Task directions: In the entries below, count every line containing "obtain". Reply with the number alone.

Provided records:
(* Fix $N\ge 1$ and let $\{\xi_{i,j}(s):1\le i,j\le N, s\ge 1\}$ be i.i.d. real random variables. Let $\Delta_N=\{y\in\mathbb R^N: y_1\ge y_2\ge\dots\ge y_N\}$ and define the Markov chain $Y$ on $\Delta_N$ by $$Y(t+1)=\text{ordered (non-increasing) vector of }\Big(\max_{1\le j\le N}\{Y_j(t)+\xi_{i,j}(t+1)\},\ 1\le i\le N\Big),$$ started from an arbitrary $Y(0)\in\Delta_N$. Let $Y^0(t)=Y(t)-Y_1(t)\mathbf 1$ (with $\mathbf 1=(1,\dots,1)$) be the process seen from the leading edge, a Markov chain on $\Delta_N^0=\{y\in\Delta_N:y_1=0\}$, and let $\nu_t$ be the law of $Y^0(t)$. Then there exists a unique invariant probability measure $\nu$ for $Y^0$, $\lim_{t\to\infty}\nu_t=\nu$, and there exists $\delta_N>0$ (independent of $Y(0)$) such that $\|\nu_t-\nu\|_{TV}\le(1-\delta_N)^t$ for all $t$.
   Context: $\|\cdot\|_{TV}$ is the total variation distance. *)

theory Defs
  imports "HOL-Probability.Probability"
begin

text \<open>States: vectors in R^N, represented as extensional functions on the index set {..<N}
  (index 0 is the leading coordinate y_1).\<close>

definition stateM :: "nat \<Rightarrow> (nat \<Rightarrow> real) measure" where
  "stateM N = PiM {..<N} (\<lambda>_. borel)"

definition Delta :: "nat \<Rightarrow> (nat \<Rightarrow> real) set" where
  "Delta N = {y \<in> space (stateM N). \<forall>i j. i \<le> j \<longrightarrow> j < N \<longrightarrow> y j \<le> y i}"

definition Delta0 :: "nat \<Rightarrow> (nat \<Rightarrow> real) set" where
  "Delta0 N = {y \<in> Delta N. y 0 = 0}"

definition ord_desc :: "nat \<Rightarrow> (nat \<Rightarrow> real) \<Rightarrow> (nat \<Rightarrow> real)" where
  "ord_desc N v = (\<lambda>k\<in>{..<N}. rev (sort (map v [0..<N])) ! k)"

definition step :: "nat \<Rightarrow> (nat \<Rightarrow> real) \<Rightarrow> (nat \<Rightarrow> nat \<Rightarrow> real) \<Rightarrow> (nat \<Rightarrow> real)" where
  "step N y x = ord_desc N (\<lambda>i. Max ((\<lambda>j. y j + x i j) ` {..<N}))"

definition shift0 :: "nat \<Rightarrow> (nat \<Rightarrow> real) \<Rightarrow> (nat \<Rightarrow> real)" where
  "shift0 N y = (\<lambda>i\<in>{..<N}. y i - y 0)"

fun Yproc :: "nat \<Rightarrow> (nat \<Rightarrow> nat \<Rightarrow> nat \<Rightarrow> 'a \<Rightarrow> real) \<Rightarrow> (nat \<Rightarrow> real) \<Rightarrow> nat \<Rightarrow> 'a \<Rightarrow> (nat \<Rightarrow> real)" where
  "Yproc N \<xi> y0 0 \<omega> = y0"
| "Yproc N \<xi> y0 (Suc t) \<omega> = step N (Yproc N \<xi> y0 t \<omega>) (\<lambda>i j. \<xi> i j (Suc t) \<omega>)"
theorem mainTheorem6:
  fixes H :: "'a hypergraph" and k :: nat
  assumes "k \<ge> 2"
    and "hypergraph H"
    and "Rset H = {1, k}"
    and "{F \<in> snd H. card F = 1} = (\<lambda>v. {v}) ` fst H"
  shows "pi_n H \<longlonglongrightarrow>
    (if pi_dens (kpart k H) \<ge> 1 - 1 / real k
     then 1 + pi_dens (kpart k H)
     else 1 + (1 / (real k * (1 - pi_dens (kpart k H)))) powr (1 / (real k - 1))
              * (1 - 1 / real k))"
proof -
  interpret singleton_extension H k
    using assms by unfold_locales
  have "pi_n H \<longlonglongrightarrow> extension_density k (pi_dens (kpart k H))"
    by (intro tendsto_extension_density[OF kpart.pi_n_tendsto] pi_n_nonneg[OF kpart.edges_nonempty]
        kpart.pi_n_le_1 pi_n_le_construction_value construction_value_le_pi_n assms(1))
  then show ?thesis unfolding extension_density_def .
qed

end
lemma swap_steps_subset_card:
  assumes "(swap_step P \<epsilon>)\<^sup>*\<^sup>* C0 C" and "C0 \<subseteq> P" and "finite C0"
  shows "C \<subseteq> P \<and> finite C \<and> card C = card C0"
  using assms
proof (induction rule: rtranclp_induct)
  case base
  then show ?case by simp
next
  case (step C C')
  then have C: "C \<subseteq> P" "finite C" "card C = card C0" by simp_all
  obtain p q where p: "p \<in> C" and q: "q \<in> P - C" and C': "C' = insert q (C - {p})"
    using step(2) unfolding swap_step_def by blast
  have "card C > 0" using C(2) p card_gt_0_iff by auto
  then have "card C' = card C"
    using C(2) p q by (simp add: C' card_Diff_singleton)
  then show ?case using C p q C' by auto
qed

lemma LS_output_subset_card:
  assumes "LS_output P k \<epsilon> C"
  shows "C \<subseteq> P \<and> finite C \<and> card C = k"
proof -
  obtain C0 where greedy: "greedy_run P k C0" and swaps: "(swap_step P \<epsilon>)\<^sup>*\<^sup>* C0 C"
    using assms unfolding LS_output_def by blast
  from greedy_run_subset_card[OF greedy] have "C0 \<subseteq> P" "finite C0" "card C0 = k" by auto
  with swap_steps_subset_card[OF swaps] show ?thesis by auto
qed

lemma LS_output_no_improving_swap:
  assumes "LS_output P k \<epsilon> C" and "c \<in> C" and "q \<in> P - C"
  shows "VOL (insert q (C - {c})) < (1 + \<epsilon>) * VOL C"
proof (rule ccontr)
  assume "\<not> ?thesis"
  then have "swap_step P \<epsilon> C (insert q (C - {c}))"
    using assms(2,3) unfolding swap_step_def by auto
  moreover have "\<not> (\<exists>C'. swap_step P \<epsilon> C C')"
    using assms(1) unfolding LS_output_def by auto
  ultimately show False by blast
qed

lemma infdist_le_LS_output_height:
  assumes LS: "LS_output P k \<epsilon> C" and "\<epsilon> > 0" and "1 \<le> k"
    and H: "subspace H" and "dim H = k - 1" and "p \<in> P"
  shows "infdist p H \<le> 2 * real k * (1 + \<epsilon>) * height C H"
proof -
  obtain fin: "finite C" and card: "card C = k"
    using LS_output_subset_card[OF LS] by blast
  with \<open>1 \<le> k\<close> have "C \<noteq> {}" by auto
  show ?thesis
  proof (cases "p \<in> C")
    case True
    have "1 * 1 \<le> (2 * real k) * (1 + \<epsilon>)"
      using \<open>1 \<le> k\<close> \<open>\<epsilon> > 0\<close> by (intro mult_mono) auto
    then have "1 * height C H \<le> 2 * real k * (1 + \<epsilon>) * height C H"
      by (intro mult_right_mono height_nonneg[OF fin \<open>C \<noteq> {}\<close>]) simp
    then show ?thesis using infdist_le_height[OF fin True, of H] by simp
  next
    case False
    note no_swap = LS_output_no_improving_swap[OF LS _ DiffI[OF \<open>p \<in> P\<close> False]]
    obtain c where "c \<in> C" using \<open>C \<noteq> {}\<close> by blast
    then have "0 < (1 + \<epsilon>) * VOL C"
      using no_swap[of c] VOL_nonneg[of "insert p (C - {c})"] fin by simp
    then have "VOL C > 0" using \<open>\<epsilon> > 0\<close> by (simp add: zero_less_mult_iff)
    then show ?thesis
      using infdist_le_if_swaps_bounded[OF fin _ H _ False, of "1 + \<epsilon>"] no_swap
        \<open>1 \<le> k\<close> \<open>dim H = k - 1\<close> card by (simp add: less_imp_le)
  qed
qed

theorem lemma4p1:
  fixes P C H :: "(real ^ 'd) set" and k :: nat and \<epsilon> :: real
  assumes "1 \<le> k" and "k \<le> CARD('d)" and "\<epsilon> > 0" and "finite P"
    and "LS_output P k \<epsilon> C"
    and "subspace H" and "dim H = k - 1"
  shows "height C H \<ge> height P H / (2 * real k * (1 + \<epsilon>))"
proof -
  have "C \<subseteq> P" and "C \<noteq> {}"
    using LS_output_subset_card[OF assms(5)] assms(1) by auto
  then have "height P H \<le> 2 * real k * (1 + \<epsilon>) * height C H"
    using height_le[OF assms(4)] infdist_le_LS_output_height[OF assms(5,3,1,6,7)] by blast
  moreover have "2 * real k * (1 + \<epsilon>) > 0" using assms(1,3) by simp
  ultimately show ?thesis by (simp add: divide_le_eq mult.commute)
qed

end
lemma closed_loop_energy_has_derivative:
  fixes src tgt :: "'e::finite \<Rightarrow> 'n::finite" and Tdo Xd Xd' B :: "'n \<Rightarrow> real"
  defines "a \<equiv> \<lambda>i. alpha_c (Xd i) (Xd' i) (B i)" and "g \<equiv> \<lambda>i. gamma_c (Tdo i) (Xd i) (Xd' i)"
  assumes sol: "closed_loop_solution src tgt Tdo Xd Xd' B tau K xp xc"
    and no_loops: "\<And>l. src l \<noteq> tgt l"
    and g_pos: "\<And>i. g i > 0" and tau_pos: "\<And>l. tau l > 0" and K_pos: "\<And>l. K l > 0"
    and "t \<ge> 0"
  shows "((\<lambda>s. closed_loop_energy g tau K (xp s) (xc s)) has_real_derivative
           - 2 * closed_loop_dissipation a K (xp t) (xc t)) (at t within {0..})"
proof -
  define u where "u i = - (\<Sum>l\<in>UNIV. incidence src tgt i l * xc t $ l)" for i
  define w where "w l = xp t $ src l - xp t $ tgt l" for l
  have "(xp has_vector_derivative (\<chi> i. - (a i / g i) * xp t $ i + 1 / g i * u i))
          (at t within {0..})"
    and "(xc has_vector_derivative (\<chi> l. - (1 / tau l) * xc t $ l + K l / tau l * w l))
          (at t within {0..})"
    using sol \<open>t \<ge> 0\<close> unfolding closed_loop_solution_def a_def g_def u_def w_def by auto
  from this[THEN bounded_linear.has_vector_derivative[OF bounded_linear_vec_nth]]
  have dp: "\<And>i. ((\<lambda>s. xp s $ i) has_real_derivative
              - (a i / g i) * xp t $ i + 1 / g i * u i) (at t within {0..})"
    and dc: "\<And>l. ((\<lambda>s. xc s $ l) has_real_derivative
              - (1 / tau l) * xc t $ l + K l / tau l * w l) (at t within {0..})"
    by (simp_all add: has_real_derivative_iff_has_vector_derivative)
  have node: "((\<lambda>s. g i * (xp s $ i)\<^sup>2) has_real_derivative
      - 2 * (a i * (xp t $ i)\<^sup>2) + 2 * (xp t $ i * u i)) (at t within {0..})" for i
    using g_pos[of i]
    by (auto intro!: derivative_eq_intros dp simp: field_simps power2_eq_square)
  have edge: "((\<lambda>s. tau l / K l * (xc s $ l)\<^sup>2) has_real_derivative
      - 2 * ((xc t $ l)\<^sup>2 / K l) + 2 * (xc t $ l * w l)) (at t within {0..})" for l
    using tau_pos[of l] K_pos[of l]
    by (auto intro!: derivative_eq_intros dc simp: field_simps power2_eq_square)
  have "((\<lambda>s. closed_loop_energy g tau K (xp s) (xc s)) has_real_derivative
      (\<Sum>i\<in>UNIV. - 2 * (a i * (xp t $ i)\<^sup>2) + 2 * (xp t $ i * u i))
      + (\<Sum>l\<in>UNIV. - 2 * ((xc t $ l)\<^sup>2 / K l) + 2 * (xc t $ l * w l))) (at t within {0..})"
    unfolding closed_loop_energy_def by (intro DERIV_add DERIV_sum node edge)
  moreover have "(\<Sum>i\<in>UNIV. xp t $ i * u i) + (\<Sum>l\<in>UNIV. xc t $ l * w l) = 0"
    using sum_mult_incidence_sum[OF no_loops, where x = "\<lambda>i. xp t $ i" and y = "\<lambda>l. xc t $ l"]
    unfolding u_def w_def by (simp add: sum_negf)
  then have "(\<Sum>i\<in>UNIV. - 2 * (a i * (xp t $ i)\<^sup>2) + 2 * (xp t $ i * u i))
      + (\<Sum>l\<in>UNIV. - 2 * ((xc t $ l)\<^sup>2 / K l) + 2 * (xc t $ l * w l))
      = - 2 * closed_loop_dissipation a K (xp t) (xc t)"
    unfolding closed_loop_dissipation_def sum.distrib sum_distrib_left[symmetric] by simp
  ultimately show ?thesis
    by simp
qed

lemma closed_loop_solution_tendsto_zero:
  fixes src tgt :: "'e::finite \<Rightarrow> 'n::finite"
  assumes sol: "closed_loop_solution src tgt Tdo Xd Xd' B tau K xp xc"
    and no_loops: "\<And>l. src l \<noteq> tgt l"
    and a_pos: "\<And>i. alpha_c (Xd i) (Xd' i) (B i) > 0"
    and g_pos: "\<And>i. gamma_c (Tdo i) (Xd i) (Xd' i) > 0"
    and tau_pos: "\<And>l. tau l > 0" and K_pos: "\<And>l. K l > 0"
  shows "((\<lambda>t. xp t $ i) \<longlongrightarrow> 0) at_top"
proof -
  define a where "a i = alpha_c (Xd i) (Xd' i) (B i)" for i
  define g where "g i = gamma_c (Tdo i) (Xd i) (Xd' i)" for i
  define V where "V t = closed_loop_energy g tau K (xp t) (xc t)" for t
  obtain c where "c > 0"
    and c: "\<And>x z. c * closed_loop_energy g tau K x z \<le> closed_loop_dissipation a K x z"
    using closed_loop_dissipation_ge_energy[of a g tau K] a_pos g_pos tau_pos K_pos
    unfolding a_def g_def by blast
  have "V t \<le> exp (- (2 * c) * t) * V 0" if "t \<ge> 0" for t
  proof (rule deriv_le_imp_exp_decay[OF _ _ that])
    show "(V has_real_derivative - 2 * closed_loop_dissipation a K (xp s) (xc s)) (at s within {0..})"
      if "s \<ge> 0" for s
      unfolding V_def a_def g_def
      by (rule closed_loop_energy_has_derivative[OF sol no_loops g_pos tau_pos K_pos that])
    show "- 2 * closed_loop_dissipation a K (xp s) (xc s) \<le> - (2 * c) * V s" for s
      using c[of "xp s" "xc s"] unfolding V_def by simp
  qed
  moreover have "g i * (xp t $ i)\<^sup>2 \<le> V t" for t
    unfolding V_def using g_pos tau_pos K_pos
    by (intro closed_loop_energy_ge_node) (simp_all add: g_def)
  ultimately have energy_bound: "g i * (xp t $ i)\<^sup>2 \<le> exp (- (2 * c) * t) * V 0"
    if "t \<ge> 0" for t
    using that by (meson order.trans)
  have "(xp t $ i)\<^sup>2 \<le> V 0 / g i * exp (- (2 * c) * t)" if "t \<ge> 0" for t
    using energy_bound[OF that] g_pos[of i] by (simp add: g_def pos_le_divide_eq mult.commute)
  with \<open>c > 0\<close> show ?thesis
    by (intro tendsto_zero_of_square_le_exp_decay[where c = "2 * c" and M = "V 0 / g i"]) auto
qed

Reply to the exercise: 5